▶ **AVAILABLE DATA**:
+--
lemma metric_conformal_to_hyperbolic:
  assumes "0 < m" and bounds: "\<And>u. 0 < u \<Longrightarrow> m * u \<le> tconf n r c u \<and> tconf n r c u \<le> M * u"
  shows "\<exists>t \<Phi>. bij_betw t {0<..} {0<..} \<and> Cinf_on {0<..} t
           \<and> Cinf_on {0<..} (inv_into {0<..} t)
           \<and> Cinf_on Mdom \<Phi> \<and> (\<forall>p\<in>Mdom. \<Phi> p > 0)
           \<and> (\<forall>u y. u > 0 \<longrightarrow>
                 g_uu 1 n r c u = \<Phi> (u, y) * (deriv t u)\<^sup>2 / (t u)\<^sup>2
               \<and> g_yy u = \<Phi> (u, y) / (t u)\<^sup>2)"
proof -
  let ?t = "tconf n r c" and ?\<Phi> = "\<lambda>p. (tconf n r c (fst p) / fst p)\<^sup>2"
  have t_pos: "0 < ?t u" if "0 < u" for u
  proof -
    have "0 < m * u" using \<open>0 < m\<close> that by simp
    also have "\<dots> \<le> ?t u" using bounds[OF that] by simp
    finally show ?thesis .
  qed
  have "Cinf_on Mdom ?\<Phi>"
    using open_Mdom
    by (intro Cinf_intros Cinf_tconf Cinf_linear bounded_linear_intros) (auto simp: Mdom_def)
  moreover have "\<forall>p\<in>Mdom. ?\<Phi> p > 0"
    by (auto simp: Mdom_def dest: t_pos)
  moreover have "g_uu 1 n r c u = ?\<Phi> (u, y) * (deriv ?t u)\<^sup>2 / (?t u)\<^sup>2
      \<and> g_yy u = ?\<Phi> (u, y) / (?t u)\<^sup>2" if "0 < u" for u y
  proof -
    have "?t u \<noteq> 0" using t_pos[OF that] by simp
    with that show ?thesis
      by (simp add: g_uu_eq g_yy_def DERIV_imp_deriv[OF has_real_derivative_tconf[OF roots_neg]]
          power_divide)
  qed
  ultimately show ?thesis
    using tconf_diffeomorphism[OF assms] by blast
qed

lemma integrals_smooth:
  "Cinf_on TMdom (S1fun 1 n r c \<circ> lift_u) \<and> Cinf_on TMdom (S2fun 1 n r c \<circ> lift_u)"
proof -
  define A P Q Y where
    "A = (\<lambda>p::real \<times> real \<times> real \<times> real. (fst p)\<^sup>2)" and
    "P = (\<lambda>p::real \<times> real \<times> real \<times> real. fst (snd (snd p)) / (2 * fst p))" and
    "Q = (\<lambda>p::real \<times> real \<times> real \<times> real. snd (snd (snd p)))" and
    "Y = (\<lambda>p::real \<times> real \<times> real \<times> real. fst (snd p))"
  have CA: "Cinf_on TMdom A" and CP: "Cinf_on TMdom P" and CQ: "Cinf_on TMdom Q"
    and CY: "Cinf_on TMdom Y"
    unfolding A_def P_def Q_def Y_def using open_TMdom
    by (intro Cinf_intros Cinf_linear bounded_linear_intros; auto simp: TMdom_def)+
  have A_pos: "\<forall>p\<in>TMdom. 0 < A p" by (auto simp: A_def TMdom_def)
  note smooth = Cinf_Q1fun Cinf_Q2fun Cinf_Gfun
  note smooth = smooth[OF roots_neg xdot_pos open_TMdom CA A_pos CP CQ]
  have S1: "S1fun 1 n r c \<circ> lift_u
      = (\<lambda>p. Q1fun 1 n r c (A p) (P p) (Q p) + Y p * Gfun 1 n r c (A p) (P p) (Q p))"
    and S2: "S2fun 1 n r c \<circ> lift_u
      = (\<lambda>p. Q2fun 1 n r c (A p) (P p) (Q p) + Y p * Q1fun 1 n r c (A p) (P p) (Q p)
           + (Y p)\<^sup>2 / 2 * Gfun 1 n r c (A p) (P p) (Q p))"
    unfolding A_def P_def Q_def Y_def lift_u_def S1fun_def S2fun_def
    by (simp_all add: fun_eq_iff split_beta)
  show ?thesis
    unfolding S1 S2 using open_TMdom
    by (intro conjI Cinf_add Cinf_mult Cinf_divide Cinf_power Cinf_const smooth CY) simp_all
qed
(* Define $A_0:=1$ and, for integers $m\ge1$, $A_m:=\frac{1\cdot3\cdot5\cdots(2m-1)}{m!}=\frac{(2m)!}{2^m(m!)^2}$. For integers $m,n\ge0$ and $0\le r\le\min(m,n)$ set $$A_{m,n}^r:=\frac{A_{m-r}A_rA_{n-r}}{A_{n+m-r}}\cdot\frac{2n+2m-4r+1}{2n+2m-2r+1},\qquad B_{m,n}^r:=\frac{\sqrt{(2m+1)(2n+1)}}{2m+2n-4r+1}\,A_{m,n}^r .$$ Then there is a constant $C>0$ such that $B_{m,n}^r\le C$ for all integers $m,n\ge0$ and all $0\le r\le\min(m,n)$. *)

theory Defs
  imports Complex_Main
begin

definition A :: "nat \<Rightarrow> real" where
  "A m = fact (2*m) / (2^m * (fact m)^2)"

definition Amn :: "nat \<Rightarrow> nat \<Rightarrow> nat \<Rightarrow> real" where
  "Amn m n r = (A (m - r) * A r * A (n - r) / A (n + m - r)) *
     ((2*real n + 2*real m - 4*real r + 1) / (2*real n + 2*real m - 2*real r + 1))"

definition Bmn :: "nat \<Rightarrow> nat \<Rightarrow> nat \<Rightarrow> real" where
  "Bmn m n r = sqrt ((2*real m + 1) * (2*real n + 1)) / (2*real m + 2*real n - 4*real r + 1) * Amn m n r"

end

theory Submission
  imports Defs
begin

text \<open>
  The normalised quantity \<open>W\<^sub>k = A\<^sub>k / 2\<^sup>k = (2k choose k) / 4\<^sup>k\<close> (the Wallis ratio) satisfies
  \<open>1/(4k+1) \<le> W\<^sub>k\<^sup>2 \<le> 1/(2k+1)\<close>, both by induction from \<open>W\<^sub>k\<^sub>+\<^sub>1 = W\<^sub>k (2k+1)/(2k+2)\<close>.
  With \<open>m = a + r\<close>, \<open>n = b + r\<close> and \<open>N = a + b + r\<close> the powers of 2 cancel and
  \<open>B = \<surd>((2m+1)(2n+1)) W\<^sub>a W\<^sub>r W\<^sub>b / (W\<^sub>N (2N+1))\<close>. Inserting the bounds and
  \<open>2m+1 \<le> (2a+1)(2r+1)\<close>, \<open>2n+1 \<le> (2b+1)(2r+1)\<close> leaves
  \<open>B\<^sup>2 \<le> (2r+1)(4N+1)/(2N+1)\<^sup>2 \<le> 2\<close>.
\<close>

lemma A_Suc: "A (Suc k) = A k * (2 * real k + 1) / (real k + 1)"
proof -
  have "fact (2 * Suc k) = 2 * (real k + 1) * (2 * real k + 1) * fact (2 * k)"
    by (simp add: algebra_simps)
  moreover have "fact (Suc k) = (real k + 1) * fact k"
    by simp
  moreover have "(fact k :: real) \<noteq> 0" "real k + 1 \<noteq> 0"
    by simp_all
  ultimately show ?thesis
    unfolding A_def by (simp add: divide_simps power2_eq_square) (simp add: algebra_simps)
qed

definition wallis :: "nat \<Rightarrow> real" where
  "wallis k = A k / 2 ^ k"

lemma wallis_pos: "wallis k > 0"
  unfolding wallis_def A_def by simp

lemma wallis_Suc: "wallis (Suc k) = wallis k * (2 * real k + 1) / (2 * real k + 2)"
  unfolding wallis_def A_Suc by (simp add: field_simps)

lemma wallis_Suc_sq: "wallis (Suc k) ^ 2 * (2 * real k + 2) ^ 2 = wallis k ^ 2 * (2 * real k + 1) ^ 2"
  unfolding wallis_Suc by (simp add: power_divide power_mult_distrib)

lemma wallis_sq_le: "wallis k ^ 2 * (2 * real k + 1) \<le> 1"
proof (induction k)
  case 0
  then show ?case by (simp add: wallis_def A_def)
next
  case (Suc k)
  have "(2 * real k + 2) ^ 2 * (wallis (Suc k) ^ 2 * (2 * real (Suc k) + 1))
      = (wallis (Suc k) ^ 2 * (2 * real k + 2) ^ 2) * (2 * real k + 3)"
    by (simp add: algebra_simps)
  also have "\<dots> = (2 * real k + 1) * (2 * real k + 3) * (wallis k ^ 2 * (2 * real k + 1))"
    unfolding wallis_Suc_sq by (simp add: algebra_simps power2_eq_square)
  also have "\<dots> \<le> (2 * real k + 1) * (2 * real k + 3) * 1"
    using mult_left_mono[OF Suc.IH, of "(2 * real k + 1) * (2 * real k + 3)"] by simp
  also have "\<dots> \<le> (2 * real k + 2) ^ 2 * 1"
    by (simp add: power2_eq_square algebra_simps)
  finally show ?case
    by (rule mult_left_le_imp_le) simp
qed

lemma wallis_sq_ge: "1 \<le> wallis k ^ 2 * (4 * real k + 1)"
proof (induction k)
  case 0
  then show ?case by (simp add: wallis_def A_def)
next
  case (Suc k)
  have "(2 * real k + 2) ^ 2 * (4 * real k + 1) * 1 \<le> (2 * real k + 1) ^ 2 * (4 * real k + 5)"
    by (simp add: power2_eq_square algebra_simps)
  also have "\<dots> \<le> (2 * real k + 1) ^ 2 * (4 * real k + 5) * (wallis k ^ 2 * (4 * real k + 1))"
    using mult_left_mono[OF Suc.IH, of "(2 * real k + 1) ^ 2 * (4 * real k + 5)"] by simp
  also have "\<dots> = (wallis (Suc k) ^ 2 * (2 * real k + 2) ^ 2) * (4 * real k + 5) * (4 * real k + 1)"
    unfolding wallis_Suc_sq by (simp add: algebra_simps)
  also have "\<dots> = (2 * real k + 2) ^ 2 * (4 * real k + 1) * (wallis (Suc k) ^ 2 * (4 * real (Suc k) + 1))"
    by (simp add: algebra_simps)
  finally show ?case
    by (rule mult_left_le_imp_le) simp
qed

lemma Bmn_eq_wallis:
  fixes a b r :: nat
  defines "N \<equiv> a + b + r"
  shows "Bmn (a + r) (b + r) r = sqrt ((2 * real (a + r) + 1) * (2 * real (b + r) + 1))
      * (wallis a * wallis r * wallis b / (wallis N * (2 * real N + 1)))"
proof -
  have index: "b + r + (a + r) - r = N" "a + r - r = a" "b + r - r = b"
    unfolding N_def by simp_all
  have ratio: "A a * A r * A b / A N = wallis a * wallis r * wallis b / wallis N"
    using wallis_pos[of N] unfolding wallis_def N_def by (simp add: power_add field_simps)
  have denom:
    "2 * real (a + r) + 2 * real (b + r) - 4 * real r + 1 = 2 * real a + 2 * real b + 1"
    "2 * real (b + r) + 2 * real (a + r) - 4 * real r + 1 = 2 * real a + 2 * real b + 1"
    "2 * real (b + r) + 2 * real (a + r) - 2 * real r + 1 = 2 * real N + 1"
    unfolding N_def by simp_all
  have "2 * real a + 2 * real b + 1 \<noteq> 0"
    by simp
  then show ?thesis
    unfolding Bmn_def Amn_def index ratio denom by simp
qed

lemma Bmn_sq_le_2: "Bmn (a + r) (b + r) r ^ 2 \<le> 2"
proof -
  define N where "N = a + b + r"
  define m n where "m = 2 * real (a + r) + 1" and "n = 2 * real (b + r) + 1"
  define \<alpha> \<beta> \<rho> where "\<alpha> = 2 * real a + 1" and "\<beta> = 2 * real b + 1" and "\<rho> = 2 * real r + 1"
  define \<mu> \<nu> where "\<mu> = 4 * real N + 1" and "\<nu> = 2 * real N + 1"
  have pos: "wallis N > 0" "\<alpha> > 0" "\<beta> > 0" "\<rho> > 0" "\<mu> > 0" "\<nu> > 0"
    using wallis_pos unfolding \<alpha>_def \<beta>_def \<rho>_def \<mu>_def \<nu>_def by simp_all
  have "Bmn (a + r) (b + r) r ^ 2 = m * n * (wallis a * wallis r * wallis b) ^ 2 / (wallis N * \<nu>) ^ 2"
    unfolding Bmn_eq_wallis m_def n_def N_def \<nu>_def by (simp add: power_mult_distrib power_divide)
  also have "\<dots> = (m / (\<alpha> * \<rho>)) * (n / (\<beta> * \<rho>))
    * (wallis a ^ 2 * \<alpha>) * (wallis r ^ 2 * \<rho>) * (wallis b ^ 2 * \<beta>)
    * (1 / (wallis N ^ 2 * \<mu>)) * (\<rho> * \<mu> / \<nu> ^ 2)"
    using pos by (simp add: field_simps power2_eq_square)
  also have "\<dots> \<le> 1 * 1 * 1 * 1 * 1 * 1 * 2"
  proof -
    have "m \<le> \<alpha> * \<rho>" "n \<le> \<beta> * \<rho>" "\<rho> * \<mu> \<le> 2 * \<nu> ^ 2"
      unfolding m_def n_def \<alpha>_def \<beta>_def \<rho>_def \<mu>_def \<nu>_def N_def
      by (simp_all add: power2_eq_square algebra_simps)
    then show ?thesis
      using pos wallis_sq_le[of a] wallis_sq_le[of r] wallis_sq_le[of b] wallis_sq_ge[of N]
      unfolding \<alpha>_def \<beta>_def \<rho>_def \<mu>_def
      by (intro mult_mono) (simp_all add: divide_le_eq m_def n_def)
  qed
  finally show ?thesis
    by simp
qed

theorem mainTheorem1:
  shows "\<exists>C::real. C > 0 \<and> (\<forall>m n r::nat. r \<le> min m n \<longrightarrow> Bmn m n r \<le> C)"
proof (intro exI[of _ "sqrt 2"] conjI allI impI)
  fix m n r :: nat
  assume "r \<le> min m n"
  then obtain a b where "m = a + r" "n = b + r"
    by (metis add.commute le_add_diff_inverse min.bounded_iff)
  then show "Bmn m n r \<le> sqrt 2"
    using Bmn_sq_le_2 by (simp add: real_le_rsqrt)
qed simp

end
+--
▶ **ASSIGNMENT**: Wherever the word "exists" appears in the listing, copy the line that holds it.

▶ **WRITTEN REPLY**:
  shows "\<exists>t \<Phi>. bij_betw t {0<..} {0<..} \<and> Cinf_on {0<..} t
  shows "\<exists>C::real. C > 0 \<and> (\<forall>m n r::nat. r \<le> min m n \<longrightarrow> Bmn m n r \<le> C)"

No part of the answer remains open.